Blakey became a television presence seven weeks into her job as NTSB chief, when she reassured the nation that the crash of American Airlines Flight 587 in Queens probably didn’t result from a terrorist attack.

Dressed in an official blue NTSB jacket, Blakey looked every bit the government bureaucrat, though her personal life is much less buttoned-down. A former Sunday school teacher, she’s ridden a motorcycle along half of Australia’s coast and likes to brag about her grandmother, who was Elvis Presley’s third-grade music teacher in Tupelo, Miss.

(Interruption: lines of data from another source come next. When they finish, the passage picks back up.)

text \<open>(a,b)_Q is ramified exactly at p and \<infinity> (i.e. is a model of B_p).
  Ramified at \<infinity> iff a<0 and b<0.\<close>
definition ramified_exactly_at_p_inf :: "int \<Rightarrow> int \<Rightarrow> int \<Rightarrow> bool" where
  "ramified_exactly_at_p_inf p a b \<longleftrightarrow>
     a < 0 \<and> b < 0 \<and> (\<forall>q::int. prime q \<longrightarrow> (\<not> hilbert_split_at a b q \<longleftrightarrow> q = p))"

definition is_order :: "rat \<Rightarrow> rat \<Rightarrow> quat set \<Rightarrow> bool" where
  "is_order a b R \<longleftrightarrow>
     qof 1 \<in> R \<and>
     (\<forall>x\<in>R. \<forall>y\<in>R. qadd x y \<in> R \<and> qmul a b x y \<in> R) \<and>
     (\<forall>x\<in>R. qneg x \<in> R) \<and>
     (\<exists>e0 e1 e2 e3.
        R = {qadd (qadd (qscale (of_int c0) e0) (qscale (of_int c1) e1))
                  (qadd (qscale (of_int c2) e2) (qscale (of_int c3) e3)) | c0 c1 c2 c3. True} \<and>
        (\<forall>c0 c1 c2 c3. qadd (qadd (qscale c0 e0) (qscale c1 e1))
                             (qadd (qscale c2 e2) (qscale c3 e3)) = qof 0
            \<longrightarrow> c0 = 0 \<and> c1 = 0 \<and> c2 = 0 \<and> c3 = 0))"

definition gross_lattice :: "quat set \<Rightarrow> quat set" where
  "gross_lattice R = {qsub (qscale 2 x) (qof (qtr x)) | x. x \<in> R}"

end

(* Norms and traces of elements of an order are integers, so the Gram matrix of beta1, beta2
   (entries N1 = N beta1, N2 = N beta2 and t = Tr(beta1 conj beta2)/2) is integral, and for
   elements of the Gross lattice its determinant N1 N2 - t^2 is divisible by 4.  For odd p, if p
   did not divide the determinant D, the binary form N1 X^2 + 2t XY + N2 Y^2 would represent -D
   modulo every p^K; then X beta1 + Y beta2 + w, with w the cross product of beta1 and beta2
   (orthogonal to both, of norm D), is isotropic for the norm form on pure quaternions modulo
   p^K, and its content is bounded because its inner product with w is D.  This yields
   primitive solutions of a x^2 + b y^2 = z^2 modulo every p^K, i.e. (a,b) would split at p.
   Hence t^2 = N1 N2 (mod p).  Reducedness of beta2 against beta1 gives 2|t| <= N1 <= p, and
   a square root of a residue modulo p lying in [0, p/2] is the least one. *)

theory Submission
  imports Defs
begin

section \<open>Quadratic congruences modulo prime powers\<close>

lemma odd_prime_not_dvd_two:
  fixes p :: int assumes "prime p" "p \<noteq> 2" shows "\<not> p dvd 2"
  using assms primes_dvd_imp_eq[of p 2] by auto

lemma coprime_prime_power_if_not_dvd:
  fixes p E :: int
  assumes "prime p" "\<not> p dvd E"
  shows "coprime E (p^K)"
  using prime_imp_coprime[OF assms] by (simp add: coprime_commute)

lemma mult_square_lift_step:
  fixes p E m y :: int
  assumes p: "prime p" "p \<noteq> 2" and K: "K > 0" and m: "\<not> p dvd m"
    and y: "[E*y^2 = m] (mod p^K)"
  shows "\<exists>y'. [E*y'^2 = m] (mod p^Suc K)"
proof -
  obtain e where e: "E*y^2 - m = p^K * e"
    using y by (auto simp: cong_iff_dvd_diff dvd_def)
  have "[E*y^2 = m] (mod p)"
    using y K by (simp add: cong_dvd_modulus)
  then have "\<not> p dvd E*y^2"
    using m cong_dvd_iff by blast
  moreover have "E*y^2 = (E*y)*y"
    by (simp add: power2_eq_square)
  ultimately have "\<not> p dvd E*y"
    by (metis dvd_mult2)
  then have "\<not> p dvd 2*E*y"
    using p odd_prime_not_dvd_two by (simp add: prime_dvd_mult_iff mult.assoc)
  then have "coprime (2*E*y) p"
    using p(1) prime_imp_coprime coprime_commute by blast
  then obtain u where u: "[2*E*y*u = 1] (mod p)"
    using cong_solve_coprime_int by blast
  define h where "h = - e * u"
  have "[e - e * (2*E*y*u) = e - e * 1] (mod p)"
    using u by (intro cong_diff cong_refl cong_scalar_left)
  then have "p dvd e + 2*E*y*h"
    unfolding h_def cong_iff_dvd_diff by (simp add: algebra_simps)
  then have "p^Suc K dvd p^K * (e + 2*E*y*h)"
    by (simp add: mult_dvd_mono)
  moreover have "p^Suc K dvd p^K * p^K * (E*h^2)"
  proof -
    have "p^Suc K dvd p^(K + K)"
      using K by (intro le_imp_power_dvd) simp
    then show ?thesis
      by (simp add: power_add)
  qed
  moreover have "E*(y + p^K*h)^2 - m = p^K * (e + 2*E*y*h) + p^K * p^K * (E*h^2)"
    using e by (simp add: algebra_simps power2_eq_square)
  ultimately show ?thesis
    by (metis cong_iff_dvd_diff dvd_add)
qed

lemma mult_square_lift_mod_prime_power:
  fixes p E m y0 :: int
  assumes p: "prime p" "p \<noteq> 2" and m: "\<not> p dvd m" and y0: "[E*y0^2 = m] (mod p)"
  shows "\<exists>y. [E*y^2 = m] (mod p^K)"
proof (induction K)
  case 0
  show ?case
    by simp
next
  case (Suc K)
  show ?case
  proof (cases "K = 0")
    case True
    with y0 show ?thesis
      by auto
  next
    case False
    with Suc.IH show ?thesis
      using mult_square_lift_step[OF p _ m] by blast
  qed
qed

lemma inj_on_square_mod_prime:
  fixes p h :: int
  assumes p: "prime p" and h: "2*h < p"
  shows "inj_on (\<lambda>x. x^2 mod p) {0..h}"
proof (rule inj_onI)
  fix x y assume x: "x \<in> {0..h}" and y: "y \<in> {0..h}" and "x^2 mod p = y^2 mod p"
  then have "p dvd (x - y) * (x + y)"
    by (simp add: mod_eq_dvd_iff power2_eq_square algebra_simps)
  then have "p dvd x - y \<or> p dvd x + y"
    using p by (simp add: prime_dvd_mult_iff)
  moreover have "\<not> p dvd x - y" if "x \<noteq> y"
    using dvd_imp_le_int[of "x - y" p] that x y h by auto
  moreover have "\<not> p dvd x + y" if "x \<noteq> y"
    using zdvd_imp_le[of p "x + y"] that x y h by auto
  ultimately show "x = y"
    by blast
qed

lemma square_plus_mult_square_cong_prime:
  fixes p E c :: int
  assumes p: "prime p" "p \<noteq> 2" and E: "\<not> p dvd E"
  shows "\<exists>S Y. [S^2 + E*Y^2 = c] (mod p)"
proof -
  have "odd p"
    using p prime_ge_2_int[OF p(1)] by (simp add: prime_odd_int)
  then obtain h where ph: "p = 2*h + 1"
    by (rule oddE)
  then have "h \<ge> 0"
    using prime_ge_2_int[OF p(1)] by linarith
  \<comment> \<open>Two sets of \<open>h + 1 = (p + 1)/2\<close> residues modulo \<open>p\<close> must meet.\<close>
  define A where "A = (\<lambda>S. S^2 mod p) ` {0..h}"
  define B where "B = (\<lambda>Y. (c - E*Y^2) mod p) ` {0..h}"
  have "inj_on (\<lambda>Y. (c - E*Y^2) mod p) {0..h}"
  proof (rule inj_onI)
    fix x y assume x: "x \<in> {0..h}" and y: "y \<in> {0..h}" and "(c - E*x^2) mod p = (c - E*y^2) mod p"
    then have "p dvd E * (y^2 - x^2)"
      by (simp add: mod_eq_dvd_iff algebra_simps)
    then have "y^2 mod p = x^2 mod p"
      using p E by (simp add: prime_dvd_mult_iff mod_eq_dvd_iff)
    then show "x = y"
      using inj_on_square_mod_prime[OF p(1), of h] x y ph by (auto dest: inj_onD)
  qed
  then have "card B = nat (h + 1)"
    by (simp add: B_def card_image)
  moreover have "card A = nat (h + 1)"
    using inj_on_square_mod_prime[OF p(1), of h] ph by (simp add: A_def card_image)
  moreover have "card (A \<union> B) \<le> card {0..<p}"
    using prime_gt_0_int[OF p(1)] by (intro card_mono) (auto simp: A_def B_def)
  moreover have "card A + card B = card (A \<union> B) + card (A \<inter> B)"
    by (rule card_Un_Int) (simp_all add: A_def B_def)
  ultimately have "card (A \<inter> B) \<noteq> 0"
    using ph \<open>h \<ge> 0\<close> by simp
  then have "A \<inter> B \<noteq> {}"
    by auto
  then obtain S Y where "[S^2 = c - E*Y^2] (mod p)"
    by (auto simp: A_def B_def cong_def)
  then have "[S^2 + E*Y^2 = c - E*Y^2 + E*Y^2] (mod p)"
    by (rule cong_add) simp
  then have "[S^2 + E*Y^2 = c] (mod p)"
    by (simp only: diff_add_cancel)
  then show ?thesis
    by blast
qed

lemma square_plus_mult_square_cong_prime_power:
  fixes p E c :: int
  assumes p: "prime p" "p \<noteq> 2" and E: "\<not> p dvd E" and c: "\<not> p dvd c"
  shows "\<exists>S Y. [S^2 + E*Y^2 = c] (mod p^K)"
proof -
  obtain S0 Y0 where SY0: "[S0^2 + E*Y0^2 = c] (mod p)"
    using square_plus_mult_square_cong_prime[OF p E] by blast
  show ?thesis
  proof (cases "p dvd S0")
    case False
    have S0: "[1*S0^2 = c - E*Y0^2] (mod p)"
      using SY0 by (simp add: cong_iff_dvd_diff algebra_simps)
    moreover have "\<not> p dvd c - E*Y0^2"
    proof
      assume "p dvd c - E*Y0^2"
      with S0 have "p dvd S0^2"
        using cong_dvd_iff by fastforce
      with False p(1) show False
        using prime_dvd_power by blast
    qed
    ultimately obtain S where "[1*S^2 = c - E*Y0^2] (mod p^K)"
      using mult_square_lift_mod_prime_power[OF p] by blast
    then have "[S^2 + E*Y0^2 = c] (mod p^K)"
      by (simp add: cong_iff_dvd_diff algebra_simps)
    then show ?thesis
      by blast
  next
    case True
    have Y0: "[E*Y0^2 = c - S0^2] (mod p)"
      using SY0 by (simp add: cong_iff_dvd_diff algebra_simps)
    moreover have "\<not> p dvd c - S0^2"
    proof
      assume "p dvd c - S0^2"
      moreover have "p dvd S0^2"
        using True by (simp add: power2_eq_square)
      ultimately have "p dvd (c - S0^2) + S0^2"
        by (rule dvd_add)
      with c show False
        by simp
    qed
    ultimately obtain Y where "[E*Y^2 = c - S0^2] (mod p^K)"
      using mult_square_lift_mod_prime_power[OF p] by blast
    then have "[S0^2 + E*Y^2 = c] (mod p^K)"
      by (simp add: cong_iff_dvd_diff algebra_simps)
    then show ?thesis
      by blast
  qed
qed

lemma binary_form_cong_prime_power_of_unit_leading_coeff:
  fixes p A B C c :: int
  assumes p: "prime p" "p \<noteq> 2" and A: "\<not> p dvd A" and disc: "\<not> p dvd A*C - B^2"
    and c: "\<not> p dvd c"
  shows "\<exists>X Y. [A*X^2 + 2*B*X*Y + C*Y^2 = c] (mod p^K)"
proof -
  have "\<not> p dvd A*c"
    using p(1) A c by (simp add: prime_dvd_mult_iff)
  then obtain S Y where SY: "[S^2 + (A*C - B^2)*Y^2 = A*c] (mod p^K)"
    using square_plus_mult_square_cong_prime_power[OF p disc] by blast
  obtain a' where a': "[A*a' = 1] (mod p^K)"
    using cong_solve_coprime_int coprime_prime_power_if_not_dvd[OF p(1) A] by blast
  define X where "X = a'*(S - B*Y)"
  have "[(A*a')*(S - B*Y) + B*Y = 1*(S - B*Y) + B*Y] (mod p^K)"
    using a' by (intro cong_add cong_mult cong_refl)
  then have "[(A*X + B*Y)^2 + (A*C - B^2)*Y^2 = S^2 + (A*C - B^2)*Y^2] (mod p^K)"
    unfolding X_def by (intro cong_add cong_pow cong_refl) (simp add: algebra_simps)
  also note SY
  also have "(A*X + B*Y)^2 + (A*C - B^2)*Y^2 = A*(A*X^2 + 2*B*X*Y + C*Y^2)"
    by (simp add: algebra_simps power2_eq_square)
  finally have "[A*X^2 + 2*B*X*Y + C*Y^2 = c] (mod p^K)"
    using cong_mult_lcancel coprime_prime_power_if_not_dvd[OF p(1) A] by blast
  then show ?thesis
    by blast
qed

lemma not_dvd_binary_form_at_1_1:
  fixes p A B C :: int
  assumes p: "prime p" "p \<noteq> 2" and A: "p dvd A" and C: "p dvd C" and disc: "\<not> p dvd A*C - B^2"
  shows "\<not> p dvd A + 2*B + C"
proof
  assume "p dvd A + 2*B + C"
  with A C have "p dvd (A + 2*B + C) - A - C"
    by (intro dvd_diff)
  then have "p dvd B"
    using p odd_prime_not_dvd_two by (simp add: prime_dvd_mult_iff)
  with A have "p dvd A*C - B^2"
    by (simp add: power2_eq_square)
  with disc show False ..
qed

lemma binary_form_cong_prime_power:
  fixes p A B C c :: int
  assumes p: "prime p" "p \<noteq> 2" and disc: "\<not> p dvd A*C - B^2" and c: "\<not> p dvd c"
  shows "\<exists>X Y. [A*X^2 + 2*B*X*Y + C*Y^2 = c] (mod p^K)"
proof (cases "p dvd A")
  case False
  then show ?thesis
    using binary_form_cong_prime_power_of_unit_leading_coeff[OF p _ disc c] by blast
next
  case A: True
  show ?thesis
  proof (cases "p dvd C")
    case False
    have "\<not> p dvd C*A - B^2"
      using disc by (simp add: mult.commute)
    then obtain Y X where "[C*Y^2 + 2*B*Y*X + A*X^2 = c] (mod p^K)"
      using binary_form_cong_prime_power_of_unit_leading_coeff[OF p False _ c] by blast
    then have "[A*X^2 + 2*B*X*Y + C*Y^2 = c] (mod p^K)"
      by (simp add: algebra_simps)
    then show ?thesis
      by blast
  next
    case C: True
    have "\<not> p dvd A + 2*B + C"
      using not_dvd_binary_form_at_1_1[OF p A C disc] .
    moreover have "\<not> p dvd (A + 2*B + C)*C - (B + C)^2"
    proof -
      have "(A + 2*B + C)*C - (B + C)^2 = A*C - B^2"
        by (simp add: algebra_simps power2_eq_square)
      with disc show ?thesis
        by simp
    qed
    ultimately obtain X Y where "[(A + 2*B + C)*X^2 + 2*(B + C)*X*Y + C*Y^2 = c] (mod p^K)"
      using binary_form_cong_prime_power_of_unit_leading_coeff[OF p _ _ c] by blast
    moreover have "(A + 2*B + C)*X^2 + 2*(B + C)*X*Y + C*Y^2 = A*X^2 + 2*B*X*(X + Y) + C*(X + Y)^2"
      by (simp add: algebra_simps power2_eq_square)
    ultimately show ?thesis
      by metis
  qed
qed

Blakey said safety concerns will undergird everything she does on the job. It’s something she’s passionate about, said her best friend, Susan Lacey, creator of the PBS series “American Masters.” “She’s been on the soapbox about it,” Lacey said.

Blakey’s challenge at the FAA will be to straighten out a sluggish, poorly structured agency, said Rep. John Mica (R-Fla.), chairman of the House aviation subcommittee. “I’ve called FAA dysfunctional and she’s the person that can help make it work properly,” he said.

“They don’t act and planes fall out of the sky,” he said, adding the agency has been slow to order fixes to repeated mechanical problems with one aircraft’s rudders, another’s wiring.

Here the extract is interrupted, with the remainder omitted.